Born Mark Kerr on 3 April 1814, he was baptised on 21 April 1814 at St Marylebone Parish Church. He was the seventh son of Vice-Admiral Lord Mark Kerr and Charlotte Kerr, 3rd Countess of Antrim (née MacDonnell).

Among his many siblings were Lady Georgina Anne Emily Kerr (who married the Rev. Hon. Frederic Bertie, son of the 4th Earl of Abingdon), Lady Caroline Mary Kerr (who married the Rev. Horace Robert Pechell, parents of Adm. Mark Robert Pechell), Lady Charlotte Kerr (who married Sir George Osborn, 6th Baronet), Lady Emily Frances Kerr (who married Henry Richardson and Sir Steuart Macnaghten, son of Sir Francis Workman-Macnaghten, 1st Baronet), Lady Letitia Louise Kerr (who married Cortlandt MacGregor Skinner), Charles Fortescue Kerr, styled Viscount Dunluce, Hugh McDonnell (who married Lady Laura Cecilia Parker, daughter of the 5th Earl of Macclesfield), and Lady Frederica Augusta Kerr (who married Montagu Bertie, 5th Earl of Abingdon).

His father was the third son of William Kerr, 5th Marquess of Lothian, and Elizabeth Fortescue (a daughter of Chichester Fortescue of Dromisken). His maternal grandparents were Randal MacDonnell, 1st Marquess of Antrim, and Hon. Letitia ( Morres) Trevor (widow of the Hon. Arthur Trevor and eldest daughter of 1st Viscount Mountmorres).
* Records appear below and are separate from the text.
(* Fix a branch-and-bound node $\mathcal{N}$ and let $\boldsymbol{\beta}^\star$ solve the node relaxation $\min_{\boldsymbol{\beta}\in\mathbb{R}^p} F(\boldsymbol{X}\boldsymbol{\beta})+2\lambda_2 g_{\mathcal{N}}(\boldsymbol{\beta})$. Let $\bar k=k-|\mathcal{J}_1(\mathcal{N})|$ and $p_f=|\mathcal{J}_f(\mathcal{N})|$. Set $z_j^\star=0$ for $j\in\mathcal{J}_0(\mathcal{N})$ and $z_j^\star=1$ for $j\in\mathcal{J}_1(\mathcal{N})$. On the free set $\mathcal{J}_f(\mathcal{N})$: if $\bar k=0$, set $z_j^\star=0$. If at most $\bar k$ free coefficients are nonzero, set $z_j^\star=1$ for nonzero $\beta_j^\star$ and $z_j^\star=0$ for zero $\beta_j^\star$. Otherwise, sort the free magnitudes as $|\beta_{\pi(1)}^\star|\ge\cdots\ge|\beta_{\pi(p_f)}^\star|$ and find an index $s\in\{0,\ldots,\bar k-1\}$ such that \[ \tau:=\frac{\sum_{r=s+1}^{p_f}|\beta_{\pi(r)}^\star|}{\bar k-s},\qquad |\beta_{\pi(s)}^\star|\ge \tau \ge |\beta_{\pi(s+1)}^\star|, \] with the convention $|\beta_{\pi(0)}^\star|=+\infty$; then set $z_{\pi(r)}^\star=1$ for $r\le s$ and $z_{\pi(r)}^\star=|\beta_{\pi(r)}^\star|/\tau$ for $r>s$, $r=1,\ldots,p_f$. The resulting vector $\boldsymbol{z}^\star$ is an optimal relaxed indicator vector paired with $\boldsymbol{\beta}^\star$, i.e., it attains the infimum defining $g_{\mathcal{N}}(\boldsymbol{\beta}^\star)$.
   Context: Setting: cardinality-constrained generalized linear model $\min_{\boldsymbol{\beta}}\{f(\boldsymbol{X}\boldsymbol{\beta},\boldsymbol{y})+\lambda_2\|\boldsymbol{\beta}\|_2^2: \|\boldsymbol{\beta}\|_0\le k,\ \|\boldsymbol{\beta}\|_\infty\le M\}$ with $\boldsymbol{X}\in\mathbb{R}^{n\times p}$, convex differentiable loss $f$, $F(\boldsymbol{X}\boldsymbol{\beta}):=f(\boldsymbol{X}\boldsymbol{\beta},\boldsymbol{y})$, $\lambda_2>0$, $M>0$. A branch-and-bound node $\mathcal{N}$ partitions $[p]$ into $\mathcal{J}_0(\mathcal{N})$ (indicators fixed to 0), $\mathcal{J}_1(\mathcal{N})$ (fixed to 1), and the free set $\mathcal{J}_f(\mathcal{N})$. The perspective-relaxation function is $g_{\mathcal{N}}(\boldsymbol{\beta}):=\inf_{\boldsymbol{z}}\{\tfrac12\sum_{j=1}^p\beta_j^2/z_j:\ z_j\in[0,1]\ \forall j\in\mathcal{J}_f(\mathcal{N}),\ \mathbf{1}^\top\boldsymbol{z}\le k,\ |\beta_j|\le Mz_j,\ z_j=0\ \forall j\in\mathcal{J}_0(\mathcal{N}),\ z_j=1\ \forall j\in\mathcal{J}_1(\mathcal{N})\}$, with the convention $\beta_j^2/z_j=0$ when $(\beta_j,z_j)=(0,0)$ and $+\infty$ when $z_j=0$, $\beta_j\neq0$. *)

theory Defs
  imports "HOL-Analysis.Analysis"
begin

definition persp :: "real \<Rightarrow> real \<Rightarrow> ereal" where
  "persp b z = (if z = 0 then (if b = 0 then 0 else \<infinity>) else ereal (b\<^sup>2 / z))"

definition node_feasible_z ::
  "'p::finite set \<Rightarrow> 'p set \<Rightarrow> 'p set \<Rightarrow> nat \<Rightarrow> real \<Rightarrow> real^'p \<Rightarrow> real^'p \<Rightarrow> bool" where
  "node_feasible_z J0 J1 Jf k M \<beta> z \<longleftrightarrow>
     (\<forall>j\<in>Jf. 0 \<le> z$j \<and> z$j \<le> 1) \<and>
     (\<Sum>j\<in>UNIV. z$j) \<le> real k \<and>
     (\<forall>j. \<bar>\<beta>$j\<bar> \<le> M * z$j) \<and>
     (\<forall>j\<in>J0. z$j = 0) \<and>
     (\<forall>j\<in>J1. z$j = 1)"

definition persp_obj :: "real^'p::finite \<Rightarrow> real^'p \<Rightarrow> ereal" where
  "persp_obj \<beta> z = ereal (1/2) * (\<Sum>j\<in>UNIV. persp (\<beta>$j) (z$j))"

definition g_node ::
  "'p::finite set \<Rightarrow> 'p set \<Rightarrow> 'p set \<Rightarrow> nat \<Rightarrow> real \<Rightarrow> real^'p \<Rightarrow> ereal" where
  "g_node J0 J1 Jf k M \<beta> = (INF z \<in> {z. node_feasible_z J0 J1 Jf k M \<beta> z}. persp_obj \<beta> z)"

definition tau_split :: "real^'p::finite \<Rightarrow> (nat \<Rightarrow> 'p) \<Rightarrow> nat \<Rightarrow> nat \<Rightarrow> nat \<Rightarrow> real" where
  "tau_split \<beta> \<pi> pf kbar s = (\<Sum>r=s+1..pf. \<bar>\<beta>$(\<pi> r)\<bar>) / (real kbar - real s)"

text \<open>Admissible split index s in {0,...,kbar-1}, with |beta_{pi(0)}| = +infinity.\<close>
definition split_ok :: "real^'p::finite \<Rightarrow> (nat \<Rightarrow> 'p) \<Rightarrow> nat \<Rightarrow> nat \<Rightarrow> nat \<Rightarrow> bool" where
  "split_ok \<beta> \<pi> pf kbar s \<longleftrightarrow>
     s < kbar \<and>
     (s = 0 \<or> \<bar>\<beta>$(\<pi> s)\<bar> \<ge> tau_split \<beta> \<pi> pf kbar s) \<and>
     tau_split \<beta> \<pi> pf kbar s \<ge> \<bar>\<beta>$(\<pi> (s+1))\<bar>"

text \<open>The constructed vector z*, for sorting map pi of {1..pf} onto Jf and split index s
  (s only matters in the third case).\<close>
definition zstar ::
  "'p::finite set \<Rightarrow> 'p set \<Rightarrow> 'p set \<Rightarrow> nat \<Rightarrow> real^'p \<Rightarrow> (nat \<Rightarrow> 'p) \<Rightarrow> nat \<Rightarrow> real^'p" where
  "zstar J0 J1 Jf k \<beta> \<pi> s =
     (let kbar = k - card J1; pf = card Jf; nnz = card {j\<in>Jf. \<beta>$j \<noteq> 0} in
      \<chi> j. if j \<in> J0 then 0
            else if j \<in> J1 then 1
            else if kbar = 0 then 0
            else if nnz \<le> kbar then (if \<beta>$j \<noteq> 0 then 1 else 0)
            else (if inv_into {1..pf} \<pi> j \<le> s then 1
                  else \<bar>\<beta>$j\<bar> / tau_split \<beta> \<pi> pf kbar s))"

end

theory Submission
  imports Defs
begin

text \<open>For fixed beta, the infimum defining g_N(beta) is a separable convex problem in z over a
  capped simplex, and z* is certified optimal by Lagrangian duality for the budget constraint
  sum_{j in Jf} z_j <= kbar = k - |J1|. With multiplier tau^2, each coordinate problem
  min_{z in [0,1]} beta_j^2/z + tau^2 z is solved by z = min 1 (|beta_j|/tau), and the split index s
  is exactly what makes this profile spend the whole budget; summing the coordinate bounds shows
  that no feasible z does better. When at most kbar free coefficients are nonzero the budget is
  slack and the support indicator is optimal coordinatewise, as beta_j^2/z >= beta_j^2 for z <= 1.
  Optimality of beta* for the node relaxation is used only to know g_N(beta*) < infinity, i.e. that
  some feasible z exists; this gives beta* = 0 on J0 and |beta*_j| <= M, which is what makes z*
  feasible.\<close>

text \<open>reverse_huber t b is the minimum of b^2/z + t^2 z over z in [0,1], attained at
  z = min 1 (|b|/t); up to the factor 2t it is the reverse Huber (berHu) penalty.\<close>

definition reverse_huber :: "real \<Rightarrow> real \<Rightarrow> real" where
  "reverse_huber t b = (if t \<le> \<bar>b\<bar> then b\<^sup>2 + t\<^sup>2 else 2 * \<bar>b\<bar> * t)"
definition strongly_convex_penalty :: "real \<Rightarrow> (real^'n::finite \<Rightarrow> real) \<Rightarrow> bool" where
  "strongly_convex_penalty K h \<longleftrightarrow> 0 < K \<and> continuous_on unit_simplex h \<and> smooth_on_faces h \<and>
     (\<forall>x1\<in>unit_simplex. \<forall>x2\<in>unit_simplex. \<forall>t\<in>{0..1::real}.
        h (t *\<^sub>R x1 + (1 - t) *\<^sub>R x2) \<le> t * h x1 + (1 - t) * h x2
          - 1/2 * K * t * (1 - t) * (norm (x1 - x2))\<^sup>2)"

definition dir_deriv :: "(real^'n \<Rightarrow> real) \<Rightarrow> real^'n \<Rightarrow> real^'n \<Rightarrow> ereal" where
  "dir_deriv h x v = Lim (at_right 0) (\<lambda>t::real. ereal ((h (x + t *\<^sub>R v) - h x) / t))"

text \<open>Bregman divergence; equals +infinity when the directional derivative is -infinity.\<close>
definition bregman :: "(real^'n \<Rightarrow> real) \<Rightarrow> real^'n \<Rightarrow> real^'n \<Rightarrow> ereal" where
  "bregman h p x = ereal (h p - h x) - dir_deriv h x (p - x)"

end

theory Submission
  imports Defs
begin

text \<open>Along the segment from x towards p, strong convexity makes the difference quotients
  t \<mapsto> (h (x + t (p - x)) - h x) / t monotone, so the directional derivative is their infimum over
  (0, 1] and is bounded by h p - h x - K/2 |x - p|^2; this gives (ii). When supp x \<supseteq> supp p the
  segment can be extended slightly beyond x, and a quotient at a negative parameter bounds the
  derivative from below, giving (i). For (iii), the segment near x stays inside the relative
  interior of the face of x, where h is smooth, so the quotients converge from both sides to
  the derivative; squeezing the derivative at X j between quotients at \<plusminus>\<delta>, which depend
  continuously on X j, yields continuity.\<close>

section \<open>Directional limits of smooth functions\<close>

lemma Cinf_on_has_real_derivative_axis:
  fixes f :: "real^'n::finite \<Rightarrow> real"
  assumes "Cinf_on U f" and "w + s *\<^sub>R axis j 1 \<in> U"
  shows "((\<lambda>s. f (w + s *\<^sub>R axis j 1)) has_real_derivative pderivs [j] f (w + s *\<^sub>R axis j 1)) (at s)"
proof -
  let ?z = "w + s *\<^sub>R axis j 1"
  have "(\<lambda>t. f (?z + t *\<^sub>R axis j 1)) differentiable (at 0)"
    using assms unfolding Cinf_on_def by (metis pderivs.simps(1))
  then have "((\<lambda>t. f (?z + t *\<^sub>R axis j 1)) has_real_derivative pderivs [j] f ?z) (at (s + - s))"
    by (simp add: DERIV_deriv_iff_real_differentiable)
  then have "((\<lambda>t. f (?z + (t + - s) *\<^sub>R axis j 1)) has_real_derivative pderivs [j] f ?z) (at s)"
    by (simp only: DERIV_shift)
  then show ?thesis by (simp add: algebra_simps)
qed

lemma mvt_between_zero:
  fixes \<phi> \<phi>' :: "real \<Rightarrow> real"
  assumes "\<And>s. \<bar>s\<bar> \<le> \<bar>c\<bar> \<Longrightarrow> (\<phi> has_real_derivative \<phi>' s) (at s)"
  shows "\<exists>z. \<bar>z\<bar> \<le> \<bar>c\<bar> \<and> \<phi> c - \<phi> 0 = c * \<phi>' z"
proof -
  have der: "(\<phi> has_derivative (*) (\<phi>' s)) (at s within T)" if "\<bar>s\<bar> \<le> \<bar>c\<bar>" for s T
    using assms[OF that] by (simp add: has_field_derivative_def has_derivative_at_withinI)
  show ?thesis
  proof (cases "0 \<le> c")
    case True
    then obtain z where "z \<in> {0..c}" "\<phi> c - \<phi> 0 = \<phi>' z * (c - 0)"
      using mvt_very_simple[of 0 c \<phi> "\<lambda>s. (*) (\<phi>' s)"] der[of _ "{0..c}"] by auto
    then show ?thesis by (intro exI[of _ z]) auto
  next
    case False
    then obtain z where "z \<in> {c..0}" "\<phi> 0 - \<phi> c = \<phi>' z * (0 - c)"
      using mvt_very_simple[of c 0 \<phi> "\<lambda>s. (*) (\<phi>' s)"] der[of _ "{c..0}"] by auto
    then show ?thesis by (intro exI[of _ z]) (auto simp: algebra_simps)
  qed
qed

lemma Cinf_on_mean_value_axis:
  fixes f :: "real^'n::finite \<Rightarrow> real"
  assumes "Cinf_on U f" and "\<And>s. \<bar>s\<bar> \<le> \<bar>c\<bar> \<Longrightarrow> w + s *\<^sub>R axis j 1 \<in> U"
  shows "\<exists>z. \<bar>z\<bar> \<le> \<bar>c\<bar> \<and> f (w + c *\<^sub>R axis j 1) - f w = c * pderivs [j] f (w + z *\<^sub>R axis j 1)"
  using mvt_between_zero[of c "\<lambda>s. f (w + s *\<^sub>R axis j 1)"]
    Cinf_on_has_real_derivative_axis[OF assms(1)] assms(2) by simp

lemma Cinf_on_tendsto_axis_quotient:
  fixes f :: "real^'n::finite \<Rightarrow> real"
  assumes C: "Cinf_on U f" and "x \<in> U"
  shows "((\<lambda>t. (f (x + t *\<^sub>R v + (t * c) *\<^sub>R axis j 1) - f (x + t *\<^sub>R v)) / t)
          \<longlongrightarrow> c * pderivs [j] f x) (at 0)"
proof -
  let ?g = "pderivs [j] f" and ?e = "axis j (1::real)"
  let ?y = "\<lambda>t s. x + t *\<^sub>R v + s *\<^sub>R ?e"
  have "open U" and "continuous_on U ?g" using C unfolding Cinf_on_def by blast+
  then have g: "isCont ?g x" using \<open>x \<in> U\<close> continuous_on_eq_continuous_at by blast
  obtain r where "r > 0" and r: "ball x r \<subseteq> U" using \<open>open U\<close> \<open>x \<in> U\<close> open_contains_ball by blast
  define M where "M = norm v + \<bar>c\<bar> + 1"
  have "M > 0" by (simp add: M_def add_nonneg_pos)
  have y_close: "norm (?y t s - x) \<le> \<bar>t\<bar> * M" if "\<bar>s\<bar> \<le> \<bar>t * c\<bar>" for t s
  proof -
    have "norm (?y t s - x) \<le> \<bar>t\<bar> * norm v + \<bar>s\<bar>"
      using norm_triangle_ineq[of "t *\<^sub>R v" "s *\<^sub>R ?e"] by simp
    also have "\<dots> \<le> \<bar>t\<bar> * M" using that by (simp add: M_def abs_mult algebra_simps)
    finally show ?thesis .
  qed
  define z where "z t = (SOME z. \<bar>z\<bar> \<le> \<bar>t * c\<bar> \<and>
    f (?y t (t * c)) - f (x + t *\<^sub>R v) = t * c * ?g (?y t z))" for t
  have z: "\<bar>z t\<bar> \<le> \<bar>t * c\<bar> \<and> f (?y t (t * c)) - f (x + t *\<^sub>R v) = t * c * ?g (?y t (z t))"
    if "\<bar>t\<bar> < r / M" for t
    unfolding z_def
  proof (rule someI_ex, rule Cinf_on_mean_value_axis[OF C])
    fix s assume "\<bar>s\<bar> \<le> \<bar>t * c\<bar>"
    then have "norm (?y t s - x) < r"
      using y_close[of s t] that \<open>M > 0\<close> by (simp add: pos_less_divide_eq order_le_less_trans)
    then have "?y t s \<in> ball x r" by (metis dist_commute dist_norm mem_ball)
    then show "x + t *\<^sub>R v + s *\<^sub>R ?e \<in> U" using r by blast
  qed
  have near: "\<forall>\<^sub>F t in at 0. \<bar>t\<bar> < r / M"
    using \<open>r > 0\<close> \<open>M > 0\<close> by (auto simp: eventually_at intro!: exI[of _ "r / M"])
  have "((\<lambda>t. ?y t (z t) - x) \<longlongrightarrow> 0) (at 0)"
  proof (rule Lim_null_comparison)
    show "\<forall>\<^sub>F t in at 0. norm (?y t (z t) - x) \<le> \<bar>t\<bar> * M"
      using near by eventually_elim (use z y_close in blast)
    show "((\<lambda>t. \<bar>t\<bar> * M) \<longlongrightarrow> 0) (at 0)" by (auto intro!: tendsto_eq_intros)
  qed
  then have "((\<lambda>t. ?y t (z t)) \<longlongrightarrow> x) (at 0)" by (rule LIM_zero_cancel)
  then have "((\<lambda>t. c * ?g (?y t (z t))) \<longlongrightarrow> c * ?g x) (at 0)"
    by (intro tendsto_mult_left isCont_tendsto_compose[OF g])
  moreover have "\<forall>\<^sub>F t in at 0. c * ?g (?y t (z t)) = (f (?y t (t * c)) - f (x + t *\<^sub>R v)) / t"
    using eventually_conj[OF near eventually_neq_at_within[of 0 0]]
    by eventually_elim (use z in simp)
  ultimately show ?thesis by (blast intro: Lim_transform_eventually)
qed
text \<open>Simplicial complexes are represented by their set of faces (the void
  complex is the empty set of faces; the complex {{}} is not void).\<close>

definition gen :: "nat set set \<Rightarrow> nat set set" where
  "gen \<Phi> = {\<sigma>. \<exists>F\<in>\<Phi>. \<sigma> \<subseteq> F}"

definition facets :: "nat set set \<Rightarrow> nat set set" where
  "facets X = {F \<in> X. \<forall>G\<in>X. F \<subseteq> G \<longrightarrow> G = F}"

definition cdiff :: "nat set set \<Rightarrow> nat set set \<Rightarrow> nat set set" where
  "cdiff X Y = gen (facets X - facets Y)"

definition join :: "nat set set \<Rightarrow> nat set set \<Rightarrow> nat set set" where
  "join X Y = {\<sigma> \<union> \<tau> | \<sigma> \<tau>. \<sigma> \<in> X \<and> \<tau> \<in> Y}"

definition Bcx :: "nat \<Rightarrow> nat \<Rightarrow> nat set set \<Rightarrow> nat \<Rightarrow> nat set set" where
  "Bcx n r S m = gen (ideal_p n r S \<inter> fam r m n)"

end

theory Submission
  imports Defs
begin

text \<open>Every facet of B(S,i) is F = [j,j+1] \<union> H for a unique first domino [j,j+1] with j \<ge> i and
  H \<in> F_{2(k-1)}^{[j+2,n]}. Prepending a fixed domino to sets lying to its right preserves \<le>_p,
  so F \<in> F(S) exactly when H lies in the order ideal generated by the maximal such H, i.e. in
  F_{2(k-1)}(S([j,j+1])). Hence the facets of B(S,i) not in B(T,i) are exactly the sets
  [j,j+1] \<union> H with H a facet of B(S([j,j+1]),j+2) but not of B(T([j,j+1]),j+2); and since all
  facets have the same cardinality, a pure complex is determined by its facets.\<close>

lemma fam_subset: "F \<in> fam r m n \<Longrightarrow> F \<subseteq> {m..n}"
  unfolding fam_def by auto
(* Let $T=(V,E)$ be a tree with $n$ vertices $V=\{v_1,\dots,v_n\}$, rooted at $v_1$, and let $Y$ be its set of leaves. Each edge $e\in E$ carries an original length $w(e)$ and an upgraded length $u(e)$ with $w(e)\le u(e)$, and let $K$ be a given nonnegative integer. The maximum shortest path interdiction problem by upgrading nodes on trees under unit cost, $$\max_{S\subseteq V,\ |S|\le K}\ \min_{t\in Y}\bar w(P_{v_1,t}),\qquad \bar w(e)=\begin{cases}u(e), & e\in A(v)\text{ for some } v\in S,\\ w(e), & \text{otherwise},\end{cases}$$ can be solved (i.e., an optimal set $S$, the corresponding length vector $\bar w$, and the optimal value are computed) in $O(n^3)$ time by a dynamic programming algorithm.
   Context: For a vertex $v_i$, $A(v_i)=\{(v_i,v_j)\in E : v_j \text{ is a child of } v_i\}$ is the set of edges from $v_i$ to its children; "upgrading" a vertex $v$ replaces the length of every edge in $A(v)$ by its upgraded length $u(e)$. For a leaf $t\in Y$, $P_{v_1,t}$ denotes the unique path in $T$ from the root $v_1$ to $t$, and $\bar w(P_{v_1,t})=\sum_{e\in P_{v_1,t}}\bar w(e)$. Each vertex has unit upgrade cost, so the budget constraint is $|S|\le K$. *)

theory Defs
  imports Complex_Main "HOL-Library.Time_Functions"
begin

text \<open>A rooted tree with n vertices 0,...,n-1 (vertex i stands for v_(i+1)), rooted at 0, is
given by a parent list ps of length n: for 0 < i < n the parent of i is ps!i, with ps!i < i
(every rooted tree admits such a labelling, e.g. by BFS order); ps!0 is ignored.
The edge (ps!i, i) carries original length ws!i and upgraded length us!i.\<close>

definition tree_input :: "nat list \<Rightarrow> real list \<Rightarrow> real list \<Rightarrow> bool" where
  "tree_input ps ws us \<longleftrightarrow> length ps \<ge> 1 \<and> length ws = length ps \<and> length us = length ps
     \<and> (\<forall>i. 0 < i \<and> i < length ps \<longrightarrow> ps ! i < i)
     \<and> (\<forall>i. 0 < i \<and> i < length ps \<longrightarrow> ws ! i \<le> us ! i)"

definition tV :: "nat list \<Rightarrow> nat set" where
  "tV ps = {0..<length ps}"

definition tE :: "nat list \<Rightarrow> (nat \<times> nat) set" where
  "tE ps = {(ps ! i, i) | i. 0 < i \<and> i < length ps}"

definition tA :: "nat list \<Rightarrow> nat \<Rightarrow> (nat \<times> nat) set" where
  "tA ps v = {e \<in> tE ps. fst e = v}"

definition leaves :: "nat list \<Rightarrow> nat set" where
  "leaves ps = {t \<in> tV ps. tA ps t = {}}"

definition w_len :: "real list \<Rightarrow> nat \<times> nat \<Rightarrow> real" where
  "w_len ws e = ws ! snd e"

definition wbar :: "nat list \<Rightarrow> real list \<Rightarrow> real list \<Rightarrow> nat set \<Rightarrow> nat \<times> nat \<Rightarrow> real" where
  "wbar ps ws us S e = (if \<exists>v\<in>S. e \<in> tA ps v then w_len us e else w_len ws e)"

text \<open>Edges of the path from the root 0 to t: the edges (ps!i, i) with i a non-root
ancestor-or-self of t.\<close>
definition parent :: "nat list \<Rightarrow> nat \<Rightarrow> nat" where
  "parent ps j = (if j = 0 then 0 else ps ! j)"

definition path_edges :: "nat list \<Rightarrow> nat \<Rightarrow> (nat \<times> nat) set" where
  "path_edges ps t = {(ps ! i, i) | i. 0 < i \<and> (\<exists>k. (parent ps ^^ k) t = i)}"

definition path_len :: "nat list \<Rightarrow> real list \<Rightarrow> real list \<Rightarrow> nat set \<Rightarrow> nat \<Rightarrow> real" where
  "path_len ps ws us S t = (\<Sum>e\<in>path_edges ps t. wbar ps ws us S e)"

definition objective :: "nat list \<Rightarrow> real list \<Rightarrow> real list \<Rightarrow> nat set \<Rightarrow> real" where
  "objective ps ws us S = Min (path_len ps ws us S ` leaves ps)"

definition feasible :: "nat list \<Rightarrow> nat \<Rightarrow> nat set \<Rightarrow> bool" where
  "feasible ps K S \<longleftrightarrow> S \<subseteq> tV ps \<and> card S \<le> K"

definition opt_value :: "nat list \<Rightarrow> real list \<Rightarrow> real list \<Rightarrow> nat \<Rightarrow> real" where
  "opt_value ps ws us K = Max (objective ps ws us ` {S. feasible ps K S})"

text \<open>DP table of a vertex v: list indexed by k = 0..K of (best value, upgraded vertices)
for the subtree of v using at most k upgrades.\<close>

fun kids :: "nat \<Rightarrow> nat list \<Rightarrow> nat \<Rightarrow> nat list" where
  "kids v [] i = []"
| "kids v (p # ps) i = (if p = v \<and> i \<noteq> 0 then i # kids v ps (Suc i) else kids v ps (Suc i))"

fun zeros :: "nat \<Rightarrow> (real \<times> nat list) list" where
  "zeros 0 = []"
| "zeros (Suc k) = (0, []) # zeros k"

fun shift :: "real \<Rightarrow> (real \<times> nat list) list \<Rightarrow> (real \<times> nat list) list" where
  "shift L [] = []"
| "shift L ((a, s) # xs) = (L + a, s) # shift L xs"

fun bestk :: "(real \<times> nat list) list \<Rightarrow> (real \<times> nat list) list \<Rightarrow> real \<times> nat list \<times> nat list
    \<Rightarrow> real \<times> nat list \<times> nat list" where
  "bestk ((g, s1) # gs) ((c, s2) # cs) (b, t1, t2) =
     bestk gs cs (if b < min g c then (min g c, s1, s2) else (b, t1, t2))"
| "bestk gs cs best = best"

fun bestk0 :: "(real \<times> nat list) list \<Rightarrow> (real \<times> nat list) list \<Rightarrow> real \<times> nat list \<times> nat list" where
  "bestk0 ((g, s1) # gs) ((c, s2) # cs) = bestk gs cs (min g c, s1, s2)"
| "bestk0 gs cs = (0, [], [])"

fun fin :: "real \<times> nat list \<times> nat list \<Rightarrow> real \<times> nat list" where
  "fin (m, s1, s2) = (m, s1 @ s2)"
His maternal aunt was Anne MacDonnell, 2nd Countess of Antrim (who married Sir Henry Vane-Tempest, 2nd Baronet, and Edmund Phelps), who succeeded hto er father's earldom while the marquessate became extinct upon his death in 1791. Through his aunt Anne, he was a first cousin of Frances Vane, Marchioness of Londonderry.

==Career==
Kerr was a Captain in the Royal Navy and served as Deputy Lieutenant of County Antrim.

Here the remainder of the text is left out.